Stored records:
(* Let $P$ be a maximal ranked poset. Then $|\Delta^{*}_{\mathcal O(P)}|\le|\Delta^{*}_{\mathcal C(P)}|$.
   Context: For a finite poset $P=\{p_1,\dots,p_d\}$ and $W\subset P$ put $\rho(W)=\sum_{p_i\in W}\mathbf e_i\in\mathbb R^d$ ($\rho(\emptyset)=0$). The order polytope is $\mathcal O(P)=\{x\in\mathbb R^d: 0\le x_i\le 1 \text{ for all } i,\ x_i\ge x_j \text{ if } p_i\le p_j\}$ and the chain polytope is $\mathcal C(P)=\{x\in\mathbb R^d: x_i\ge 0 \text{ for all } i,\ x_{i_1}+\dots+x_{i_k}\le 1 \text{ if } p_{i_1}<\dots<p_{i_k}\}$. Poset ideals and antichains include $\emptyset$. For a poset ideal $I$, $\max(I)$ is its set of maximal elements; for an antichain $A$, $\langle A\rangle=\{x: x\le p \text{ for some } p\in A\}$. $E^{*}_{\mathcal O(P)}$ is the set of pairs $\{I,J\}$ of distinct poset ideals such that $\mathrm{conv}\{\rho(I),\rho(J)\}$ is an edge of $\mathcal O(P)$ but $\mathrm{conv}\{\rho(\max I),\rho(\max J)\}$ is not an edge of $\mathcal C(P)$. $E^{*}_{\mathcal C(P)}$ is the set of pairs $\{A,B\}$ of distinct antichains such that $\mathrm{conv}\{\rho(A),\rho(B)\}$ is an edge of $\mathcal C(P)$ but $\mathrm{conv}\{\rho(\langle A\rangle),\rho(\langle B\rangle)\}$ is not an edge of $\mathcal O(P)$. $\Delta_{\mathcal O(P)}$ is the set of triples $\{I,J,K\}$ of pairwise distinct poset ideals such that $\mathrm{conv}\{\rho(I),\rho(J),\rho(K)\}$ is a 2-face of $\mathcal O(P)$; $\Delta_{\mathcal C(P)}$ is the set of triples $\{A,B,C\}$ of pairwise distinct antichains such that $\mathrm{conv}\{\rho(A),\rho(B),\rho(C)\}$ is a 2-face of $\mathcal C(P)$. $\Delta^{*}_{\mathcal O(P)}$ consists of those $\{I,J,K\}\in\Delta_{\mathcal O(P)}$ for which at least one of $\{I,J\},\{J,K\},\{I,K\}$ lies in $E^{*}_{\mathcal O(P)}$; $\Delta^{*}_{\mathcal C(P)}$ consists of those $\{A,B,C\}\in\Delta_{\mathcal C(P)}$ for which at least one of $\{A,B\},\{B,C\},\{A,C\}$ lies in $E^{*}_{\mathcal C(P)}$. The length of a chain $C$ is $|C|-1$; $P$ is graded of rank $n$ if every maximal chain has length $n$, and then $P=\bigcup_{i=0}^n P_i$ where every maximal chain is $p_0<\dots<p_n$ with $p_i\in P_i$. $P$ is a maximal ranked poset if it is graded and any two elements of distinct ranks are comparable. *)

theory Defs
  imports "HOL-Analysis.Analysis"
begin

text \<open>A finite poset is a finite type 'n of class order; points of R^d are real^'n.\<close>

definition poset_ideal :: "'n::order set \<Rightarrow> bool" where
  "poset_ideal I \<longleftrightarrow> (\<forall>x y. x \<in> I \<longrightarrow> y \<le> x \<longrightarrow> y \<in> I)"

definition poset_antichain :: "'n::order set \<Rightarrow> bool" where
  "poset_antichain A \<longleftrightarrow> (\<forall>x\<in>A. \<forall>y\<in>A. x \<le> y \<longrightarrow> x = y)"

definition poset_chain :: "'n::order set \<Rightarrow> bool" where
  "poset_chain C \<longleftrightarrow> (\<forall>x\<in>C. \<forall>y\<in>C. x \<le> y \<or> y \<le> x)"

definition maximal_chain :: "'n::order set \<Rightarrow> bool" where
  "maximal_chain C \<longleftrightarrow> poset_chain C \<and> (\<forall>D. poset_chain D \<and> C \<subseteq> D \<longrightarrow> D = C)"

definition maxs :: "'n::order set \<Rightarrow> 'n set" where
  "maxs I = {x \<in> I. \<forall>y\<in>I. x \<le> y \<longrightarrow> y = x}"

definition down_closure :: "'n::order set \<Rightarrow> 'n set" where
  "down_closure A = {x. \<exists>p\<in>A. x \<le> p}"

definition rho :: "'n::finite set \<Rightarrow> real^'n" where
  "rho W = (\<chi> i. if i \<in> W then 1 else 0)"

definition order_polytope :: "(real^'n::{finite,order}) set" where
  "order_polytope = {x. (\<forall>i. 0 \<le> x$i \<and> x$i \<le> 1) \<and> (\<forall>i j. i \<le> j \<longrightarrow> x$j \<le> x$i)}"

definition chain_polytope :: "(real^'n::{finite,order}) set" where
  "chain_polytope = {x. (\<forall>i. 0 \<le> x$i) \<and> (\<forall>C. poset_chain C \<longrightarrow> (\<Sum>i\<in>C. x$i) \<le> 1)}"

definition is_k_face :: "'a::euclidean_space set \<Rightarrow> int \<Rightarrow> 'a set \<Rightarrow> bool" where
  "is_k_face S k F \<longleftrightarrow> F face_of S \<and> aff_dim F = k"

definition Estar_O :: "'n::{finite,order} set set set" where
  "Estar_O = {{I, J} | I J. poset_ideal I \<and> poset_ideal J \<and> I \<noteq> J \<and>
      is_k_face (order_polytope :: (real^'n::{finite,order}) set) 1 (convex hull {rho I, rho J}) \<and>
      \<not> is_k_face (chain_polytope :: (real^'n::{finite,order}) set) 1 (convex hull {rho (maxs I), rho (maxs J)})}"

definition Estar_C :: "'n::{finite,order} set set set" where
  "Estar_C = {{A, B} | A B. poset_antichain A \<and> poset_antichain B \<and> A \<noteq> B \<and>
      is_k_face (chain_polytope :: (real^'n::{finite,order}) set) 1 (convex hull {rho A, rho B}) \<and>
      \<not> is_k_face (order_polytope :: (real^'n::{finite,order}) set) 1
          (convex hull {rho (down_closure A), rho (down_closure B)})}"

definition Delta_O :: "'n::{finite,order} set set set" where
  "Delta_O = {{I, J, K} | I J K. poset_ideal I \<and> poset_ideal J \<and> poset_ideal K \<and>
      I \<noteq> J \<and> J \<noteq> K \<and> I \<noteq> K \<and>
      is_k_face (order_polytope :: (real^'n::{finite,order}) set) 2 (convex hull {rho I, rho J, rho K})}"

definition Delta_C :: "'n::{finite,order} set set set" where
  "Delta_C = {{A, B, C} | A B C. poset_antichain A \<and> poset_antichain B \<and> poset_antichain C \<and>
      A \<noteq> B \<and> B \<noteq> C \<and> A \<noteq> C \<and>
      is_k_face (chain_polytope :: (real^'n::{finite,order}) set) 2 (convex hull {rho A, rho B, rho C})}"

definition Deltastar_O :: "'n::{finite,order} set set set" where
  "Deltastar_O = {T \<in> Delta_O. \<exists>I\<in>T. \<exists>J\<in>T. I \<noteq> J \<and> {I, J} \<in> Estar_O}"

definition Deltastar_C :: "'n::{finite,order} set set set" where
  "Deltastar_C = {T \<in> Delta_C. \<exists>A\<in>T. \<exists>B\<in>T. A \<noteq> B \<and> {A, B} \<in> Estar_C}"

text \<open>The rank of x is the length of the longest chain with top element x; in a graded
  poset x lies in P_i exactly when its rank is i.\<close>
definition graded :: "'n::{finite,order} itself \<Rightarrow> nat \<Rightarrow> bool" where
  "graded _ n \<longleftrightarrow> (\<forall>C::'n set. maximal_chain C \<longrightarrow> card C = n + 1)"

definition poset_rank :: "'n::{finite,order} \<Rightarrow> nat" where
  "poset_rank x = Max {card C - 1 | C. poset_chain C \<and> x \<in> C \<and> (\<forall>y\<in>C. y \<le> x)}"

definition maximal_ranked :: "'n::{finite,order} itself \<Rightarrow> bool" where
  "maximal_ranked T \<longleftrightarrow> (\<exists>n. graded T n) \<and>
     (\<forall>x y::'n. poset_rank x \<noteq> poset_rank y \<longrightarrow> x \<le> y \<or> y \<le> x)"

end

theory Submission
  imports Defs
begin

text \<open>
  In a maximal ranked poset comparability is decided by rank, so the nonempty ideals are the
  sets \<open>below m \<union> S\<close> with \<open>S\<close> a nonempty subset of the \<open>m\<close>-th level, and the antichains
  are the subsets of single levels. Of the order polytope we only use that the vertex set of a
  face is closed under union, intersection, and the exchange \<open>P \<subset> Q \<leadsto> insert x P\<close> for
  \<open>x \<in> Q - P\<close> when \<open>Q - P\<close> is an antichain. This forces every edge of \<open>Estar_O\<close> to be
  \<open>{{}, below m \<union> S}\<close> with \<open>m \<ge> 1\<close> and \<open>card S \<ge> 2\<close>, and every triangle of \<open>Deltastar_O\<close>
  to be a chain \<open>{} \<subset> M \<subset> N\<close>. Tight chain constraints exhibit faces of the chain polytope
  spanned by antichains in distinct levels, or by \<open>U\<close>, \<open>U - {u}\<close> and an antichain in another
  level. This lets us send each triangle of \<open>Deltastar_O\<close> to a triangle of \<open>Deltastar_C\<close>
  containing an edge \<open>{level (j - 1), V}\<close> of \<open>Estar_C\<close> with \<open>card V \<ge> 2\<close>. The map is
  injective: the member of the image of highest level (and then largest size) recovers \<open>N\<close>,
  and the other two members recover \<open>M\<close>.
\<close>

section \<open>Ranks\<close>

lemma finite_chain_lengths:
  "finite {card C - 1 | C::'n::{finite,order} set. poset_chain C \<and> x \<in> C \<and> (\<forall>y\<in>C. y \<le> x)}"
  by (rule finite_image_set) simp

lemma poset_rank_ge:
  fixes x :: "'n::{finite,order}"
  assumes "poset_chain C" "x \<in> C" "\<forall>y\<in>C. y \<le> x"
  shows "card C - 1 \<le> poset_rank x"
  unfolding poset_rank_def using assms by (intro Max_ge finite_chain_lengths) auto

lemma poset_rank_witness:
  fixes x :: "'n::{finite,order}"
  obtains C where "poset_chain C" "x \<in> C" "\<forall>y\<in>C. y \<le> x" "card C = poset_rank x + 1"
proof -
  let ?ranks = "{card C - 1 | C::'n set. poset_chain C \<and> x \<in> C \<and> (\<forall>y\<in>C. y \<le> x)}"
  have "poset_chain {x}" by (simp add: poset_chain_def)
  hence "?ranks \<noteq> {}" by blast
  hence "poset_rank x \<in> ?ranks" unfolding poset_rank_def by (intro Max_in finite_chain_lengths)
  then obtain C where "poset_chain C" "x \<in> C" "\<forall>y\<in>C. y \<le> x" "poset_rank x = card C - 1" by auto
  moreover have "card C > 0" using \<open>x \<in> C\<close> by (auto simp: card_gt_0_iff)
  ultimately show thesis using that[of C] by linarith
qed

lemma poset_rank_strict_mono:
  fixes x y :: "'n::{finite,order}"
  assumes "x < y"
  shows "poset_rank x < poset_rank y"
proof -
  obtain C where C: "poset_chain C" "x \<in> C" "\<forall>z\<in>C. z \<le> x" "card C = poset_rank x + 1"
    by (rule poset_rank_witness)
  have below_y: "\<forall>z\<in>insert y C. z \<le> y" using C(3) assms by (auto intro: order_trans)
  hence "poset_chain (insert y C)" using C(1) by (auto simp: poset_chain_def)
  hence "card (insert y C) - 1 \<le> poset_rank y" using below_y by (intro poset_rank_ge) auto
  moreover have "y \<notin> C" using C(3) assms by (auto dest: leD)
  ultimately show ?thesis using C(4) by simp
qed

text \<open>A longest chain below \<open>x\<close> meets every rank up to that of \<open>x\<close>, since its
  elements have pairwise distinct ranks.\<close>
lemma poset_rank_attained:
  fixes x :: "'n::{finite,order}"
  assumes "j \<le> poset_rank x"
  shows "\<exists>y::'n. poset_rank y = j"
proof -
  obtain C where C: "poset_chain C" "x \<in> C" "\<forall>z\<in>C. z \<le> x" "card C = poset_rank x + 1"
    by (rule poset_rank_witness)
  have "inj_on poset_rank C"
  proof (rule inj_onI)
    fix y z assume "y \<in> C" "z \<in> C" "poset_rank y = poset_rank z"
    moreover from this have "y < z \<or> z < y \<or> y = z"
      using C(1) by (auto simp: poset_chain_def order.order_iff_strict)
    ultimately show "y = z" using poset_rank_strict_mono by force
  qed
  hence "card (poset_rank ` C) = card {..poset_rank x}" using C(4) by (simp add: card_image)
  moreover have "poset_rank z \<le> poset_rank x" if "z \<in> C" for z
  proof -
    have "z < x \<or> z = x" using C(3) that by (auto simp: order.order_iff_strict)
    thus ?thesis using poset_rank_strict_mono[of z x] by auto
  qed
  hence "poset_rank ` C \<subseteq> {..poset_rank x}" by auto
  ultimately have "poset_rank ` C = {..poset_rank x}" by (intro card_subset_eq) auto
  hence "j \<in> poset_rank ` C" using assms by simp
  thus ?thesis by blast
qed

lemma maximal_ranked_less_iff:
  assumes "maximal_ranked TYPE('n::{finite,order})"
  shows "(x::'n) < y \<longleftrightarrow> poset_rank x < poset_rank y"
proof
  assume "poset_rank x < poset_rank y"
  moreover from this have "x \<le> y \<or> y \<le> x" using assms unfolding maximal_ranked_def by auto
  moreover have "\<not> y < x" using \<open>poset_rank x < poset_rank y\<close> poset_rank_strict_mono by force
  ultimately show "x < y" using \<open>poset_rank x < poset_rank y\<close> by (auto simp: order.order_iff_strict)
qed (rule poset_rank_strict_mono)

lemma rho_nth: "rho W $ i = (if i \<in> W then 1 else 0)"
  by (simp add: rho_def)

lemma rho_eq_iff [simp]: "rho A = rho B \<longleftrightarrow> A = B"
  by (auto simp: vec_eq_iff rho_nth split: if_splits)

text \<open>The functional \<open>\<Sum>i\<in>W. x$i - \<Sum>i\<notin>W. x$i\<close> attains \<open>card W\<close> at \<open>rho W\<close> and at most
  \<open>card W - 1\<close> at every other 0/1-vector.\<close>
lemma rho_mem_convex_hull_rho:
  fixes W :: "'n::finite set"
  assumes "finite \<W>" "rho W \<in> convex hull (rho ` \<W>)"
  shows "W \<in> \<W>"
proof (rule ccontr)
  assume W: "W \<notin> \<W>"
  define a :: "real^'n" where "a = (\<chi> i. if i \<in> W then 1 else -1)"
  have a_rho: "a \<bullet> rho S = (\<Sum>i\<in>UNIV. if i \<in> S then (if i \<in> W then 1 else -1) else 0)" for S
    unfolding inner_vec_def a_def rho_def by (intro sum.cong) auto
  have "a \<bullet> rho S \<le> real (card W) - 1" if "S \<in> \<W>" for S
  proof -
    have "S \<noteq> W" using that W by blast
    then obtain i0 where i0: "(i0 \<in> S) \<noteq> (i0 \<in> W)" by blast
    have "a \<bullet> rho S \<le> (\<Sum>i\<in>UNIV. (if i \<in> W then 1 else 0) - (if i = i0 then 1 else 0))"
      unfolding a_rho by (intro sum_mono) (use i0 in auto)
    also have "\<dots> = real (card W) - 1"
      by (simp add: sum_subtractf sum.If_cases)
    finally show ?thesis .
  qed
  hence "convex hull (rho ` \<W>) \<subseteq> {x. a \<bullet> x \<le> real (card W) - 1}"
    by (intro hull_minimal) (auto simp: convex_halfspace_le)
  moreover have "a \<bullet> rho W = real (card W)"
    unfolding a_rho by (simp add: sum.If_cases)
  ultimately show False using assms(2) by force
qed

PROBLEM TO SOLVE
Wherever the string "UNIV" occurs in the records, copy the line it is in.

ANSWER
  have a_rho: "a \<bullet> rho S = (\<Sum>i\<in>UNIV. if i \<in> S then (if i \<in> W then 1 else -1) else 0)" for S
    have "a \<bullet> rho S \<le> (\<Sum>i\<in>UNIV. (if i \<in> W then 1 else 0) - (if i = i0 then 1 else 0))"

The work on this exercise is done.